◆ **RECORDS FOR THE EXERCISE**:
(* Let $(R,\mathfrak m)$ be a noetherian local ring and $\nu$ a valuation centered on $R$. Then there exists a local blowing up $R\to R^{(1)}$ with respect to $\nu$ such that $\mathrm{Nil}(R^{(1)})$ is the only associated prime ideal of $R^{(1)}$.
   Context: All rings are commutative noetherian with $1$; $\mathrm{Nil}(A)$ denotes the nilradical of $A$. A valuation on a ring $R$ is a map $\nu:R\to\Gamma\cup\{\infty\}$ ($\Gamma$ an ordered abelian group) with $\nu(ab)=\nu(a)+\nu(b)$, $\nu(a+b)\ge\min\{\nu(a),\nu(b)\}$, $\nu(1)=0$, $\nu(0)=\infty$, whose support $\mathrm{supp}(\nu)=\{a:\nu(a)=\infty\}$ is a minimal prime ideal; it extends to localizations at multiplicative sets disjoint from the support via $\nu(a/s)=\nu(a)-\nu(s)$ and restricts to subrings, implicitly. $\nu$ has a center on $R$ if $\nu\ge0$ on $R$; its center is $\mathfrak C_\nu(R)=\{a:\nu(a)>0\}$. $\nu$ is centered on $(R,\mathfrak m)$ if $\nu\ge0$ on $R$ and $\nu>0$ on $\mathfrak m$. Local blowing up: for $b\in R\setminus\mathrm{supp}(\nu)$ let $J(b)=\bigcup_{i\ge1}\mathrm{ann}_R(b^i)$, so $R/J(b)\subseteq R_b$. Given $a_1,\ldots,a_r\in R$ with $\nu(a_i)\ge\nu(b)$, let $R'=(R/J(b))[a_1/b,\ldots,a_r/b]\subseteq R_b$ and $R^{(1)}=R'_{\mathfrak C_\nu(R')}$; the canonical map $R\to R^{(1)}$ is the local blowing up of $R$ with respect to $\nu$ along $(b,a_1,\ldots,a_r)$. *)

theory Defs
  imports "HOL-Algebra.Algebra"
begin

text \<open>Values in \<open>\<Gamma> \<union> {\<infinity>}\<close> are encoded as \<open>'g option\<close>, with \<open>None\<close> playing the role of \<open>\<infinity>\<close>.\<close>

fun vle :: "'g::linordered_ab_group_add option \<Rightarrow> 'g option \<Rightarrow> bool" where
  "vle _ None = True"
| "vle None (Some _) = False"
| "vle (Some a) (Some b) = (a \<le> b)"

definition vlt :: "'g::linordered_ab_group_add option \<Rightarrow> 'g option \<Rightarrow> bool" where
  "vlt x y = (vle x y \<and> x \<noteq> y)"

fun vplus :: "'g::linordered_ab_group_add option \<Rightarrow> 'g option \<Rightarrow> 'g option" where
  "vplus (Some a) (Some b) = Some (a + b)"
| "vplus _ _ = None"

text \<open>\<open>\<nu>(a) - \<nu>(s)\<close>, used only for \<open>\<nu>(s) \<noteq> \<infinity>\<close>.\<close>
fun vminus :: "'g::linordered_ab_group_add option \<Rightarrow> 'g option \<Rightarrow> 'g option" where
  "vminus (Some a) (Some b) = Some (a - b)"
| "vminus None _ = None"
| "vminus (Some a) None = None"

definition minimal_prime :: "'a set \<Rightarrow> ('a, 'b) ring_scheme \<Rightarrow> bool" where
  "minimal_prime P R \<longleftrightarrow> primeideal P R \<and> (\<forall>Q. primeideal Q R \<and> Q \<subseteq> P \<longrightarrow> Q = P)"

definition vsupp :: "('a, 'b) ring_scheme \<Rightarrow> ('a \<Rightarrow> 'g option) \<Rightarrow> 'a set" where
  "vsupp R \<nu> = {a \<in> carrier R. \<nu> a = None}"

definition valuation :: "('a, 'b) ring_scheme \<Rightarrow> ('a \<Rightarrow> 'g::linordered_ab_group_add option) \<Rightarrow> bool" where
  "valuation R \<nu> \<longleftrightarrow> cring R
     \<and> (\<forall>a\<in>carrier R. \<forall>b\<in>carrier R. \<nu> (a \<otimes>\<^bsub>R\<^esub> b) = vplus (\<nu> a) (\<nu> b))
     \<and> (\<forall>a\<in>carrier R. \<forall>b\<in>carrier R. vle (\<nu> a) (\<nu> (a \<oplus>\<^bsub>R\<^esub> b)) \<or> vle (\<nu> b) (\<nu> (a \<oplus>\<^bsub>R\<^esub> b)))
     \<and> \<nu> \<one>\<^bsub>R\<^esub> = Some 0 \<and> \<nu> \<zero>\<^bsub>R\<^esub> = None
     \<and> minimal_prime (vsupp R \<nu>) R"

definition has_center :: "('a, 'b) ring_scheme \<Rightarrow> ('a \<Rightarrow> 'g::linordered_ab_group_add option) \<Rightarrow> bool" where
  "has_center R \<nu> \<longleftrightarrow> (\<forall>a\<in>carrier R. vle (Some 0) (\<nu> a))"

definition vcenter :: "('a, 'b) ring_scheme \<Rightarrow> ('a \<Rightarrow> 'g::linordered_ab_group_add option) \<Rightarrow> 'a set" where
  "vcenter R \<nu> = {a \<in> carrier R. vlt (Some 0) (\<nu> a)}"

definition centered_on :: "('a, 'b) ring_scheme \<Rightarrow> 'a set \<Rightarrow> ('a \<Rightarrow> 'g::linordered_ab_group_add option) \<Rightarrow> bool" where
  "centered_on R m \<nu> \<longleftrightarrow> has_center R \<nu> \<and> (\<forall>a\<in>m. vlt (Some 0) (\<nu> a))"

definition local_ring :: "('a, 'b) ring_scheme \<Rightarrow> 'a set \<Rightarrow> bool" where
  "local_ring R m \<longleftrightarrow> cring R \<and> maximalideal m R \<and> (\<forall>I. maximalideal I R \<longrightarrow> I = m)"

definition nilradical :: "('a, 'b) ring_scheme \<Rightarrow> 'a set" where
  "nilradical R = {x \<in> carrier R. \<exists>n::nat. x [^]\<^bsub>R\<^esub> n = \<zero>\<^bsub>R\<^esub>}"

definition ann_elem :: "('a, 'b) ring_scheme \<Rightarrow> 'a \<Rightarrow> 'a set" where
  "ann_elem R x = {y \<in> carrier R. y \<otimes>\<^bsub>R\<^esub> x = \<zero>\<^bsub>R\<^esub>}"

definition associated_primes :: "('a, 'b) ring_scheme \<Rightarrow> 'a set set" where
  "associated_primes R = {P. primeideal P R \<and> (\<exists>x\<in>carrier R. P = ann_elem R x)}"

definition loc_class :: "('a, 'b) ring_scheme \<Rightarrow> 'a set \<Rightarrow> 'a \<times> 'a \<Rightarrow> ('a \<times> 'a) set" where
  "loc_class R S p = {(b, t). b \<in> carrier R \<and> t \<in> S \<and>
      (\<exists>u\<in>S. u \<otimes>\<^bsub>R\<^esub> ((t \<otimes>\<^bsub>R\<^esub> fst p) \<ominus>\<^bsub>R\<^esub> (snd p \<otimes>\<^bsub>R\<^esub> b)) = \<zero>\<^bsub>R\<^esub>)}"

definition localization :: "('a, 'b) ring_scheme \<Rightarrow> 'a set \<Rightarrow> ('a \<times> 'a) set ring" where
  "localization R S =
    \<lparr> carrier = {loc_class R S (a, s) | a s. a \<in> carrier R \<and> s \<in> S},
      monoid.mult = (\<lambda>x y. \<Union>{loc_class R S (a \<otimes>\<^bsub>R\<^esub> b, s \<otimes>\<^bsub>R\<^esub> t) | a s b t. (a, s) \<in> x \<and> (b, t) \<in> y}),
      one = loc_class R S (\<one>\<^bsub>R\<^esub>, \<one>\<^bsub>R\<^esub>),
      ring.zero = loc_class R S (\<zero>\<^bsub>R\<^esub>, \<one>\<^bsub>R\<^esub>),
      ring.add = (\<lambda>x y. \<Union>{loc_class R S ((t \<otimes>\<^bsub>R\<^esub> a) \<oplus>\<^bsub>R\<^esub> (s \<otimes>\<^bsub>R\<^esub> b), s \<otimes>\<^bsub>R\<^esub> t) | a s b t. (a, s) \<in> x \<and> (b, t) \<in> y}) \<rparr>"

definition loc_val :: "('a \<Rightarrow> 'g::linordered_ab_group_add option) \<Rightarrow> ('a \<times> 'a) set \<Rightarrow> 'g option" where
  "loc_val \<nu> x = (SOME v. \<exists>(a, s)\<in>x. v = vminus (\<nu> a) (\<nu> s))"

definition powers :: "('a, 'b) ring_scheme \<Rightarrow> 'a \<Rightarrow> 'a set" where
  "powers R b = {b [^]\<^bsub>R\<^esub> (n::nat) | n. True}"

text \<open>\<open>R_b\<close>; the image of \<open>R\<close> in it is \<open>R/J(b)\<close>.\<close>
definition Rb :: "('a, 'b) ring_scheme \<Rightarrow> 'a \<Rightarrow> ('a \<times> 'a) set ring" where
  "Rb R b = localization R (powers R b)"

text \<open>\<open>R' = (R/J(b))[a_1/b, \<dots>, a_r/b] \<subseteq> R_b\<close>.\<close>
definition blowup_chart :: "('a, 'b) ring_scheme \<Rightarrow> 'a \<Rightarrow> 'a list \<Rightarrow> ('a \<times> 'a) set ring" where
  "blowup_chart R b as =
     (Rb R b) \<lparr> carrier := generate_ring (Rb R b)
        ({loc_class R (powers R b) (r, \<one>\<^bsub>R\<^esub>) | r. r \<in> carrier R}
         \<union> {loc_class R (powers R b) (a, b) | a. a \<in> set as}) \<rparr>"

text \<open>\<open>R^{(1)} = R'_{\<CC>_\<nu>(R')}\<close>.\<close>
definition local_blowup :: "('a, 'b) ring_scheme \<Rightarrow> ('a \<Rightarrow> 'g::linordered_ab_group_add option) \<Rightarrow> 'a \<Rightarrow> 'a list
     \<Rightarrow> (('a \<times> 'a) set \<times> ('a \<times> 'a) set) set ring" where
  "local_blowup R \<nu> b as =
     (let R' = blowup_chart R b as
      in localization R' (carrier R' - vcenter R' (loc_val \<nu>)))"

definition blowup_data :: "('a, 'b) ring_scheme \<Rightarrow> ('a \<Rightarrow> 'g::linordered_ab_group_add option) \<Rightarrow> 'a \<Rightarrow> 'a list \<Rightarrow> bool" where
  "blowup_data R \<nu> b as \<longleftrightarrow> b \<in> carrier R \<and> b \<notin> vsupp R \<nu>
     \<and> (\<forall>a\<in>set as. a \<in> carrier R \<and> vle (\<nu> b) (\<nu> a))"

end

theory Submission
  imports Defs
begin

(* The support P of \<nu> is a minimal prime of R; let K = ker(R \<rightarrow> R_P). As K is finitely
   generated, one b \<notin> P annihilates K, and then J(b) = K: the chart of the blowing up along
   (b) alone is R/K. In its localization R^(1) a fraction (a/s)/w vanishes iff a \<in> K, and
   it is nilpotent iff a \<in> P, because by minimality of P every element of P has a power in K.
   A colon ideal (K : z) maximal among those with z \<notin> K equals P, so the nilradical of R^(1)
   is the annihilator of z/1 and is prime; and the annihilator of any nonzero (c/t)/v lies in
   the nilradical, since c \<notin> K and a c \<in> K force a \<in> P. Hence the nilradical is the only
   associated prime. *)

section \<open>Localization at a multiplicative set\<close>

locale mult_closed_set = cring R for R (structure) +
  fixes S
  assumes S_subset: "S \<subseteq> carrier R" and one_in_S: "\<one> \<in> S"
    and S_mult: "\<lbrakk>s \<in> S; t \<in> S\<rbrakk> \<Longrightarrow> s \<otimes> t \<in> S"
begin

◆ **TASK DESCRIPTION**: Scan the listing for the string "rparr", then copy every line where it appears.

◆ **RESULT BELOW**:
      ring.add = (\<lambda>x y. \<Union>{loc_class R S ((t \<otimes>\<^bsub>R\<^esub> a) \<oplus>\<^bsub>R\<^esub> (s \<otimes>\<^bsub>R\<^esub> b), s \<otimes>\<^bsub>R\<^esub> t) | a s b t. (a, s) \<in> x \<and> (b, t) \<in> y}) \<rparr>"
         \<union> {loc_class R (powers R b) (a, b) | a. a \<in> set as}) \<rparr>"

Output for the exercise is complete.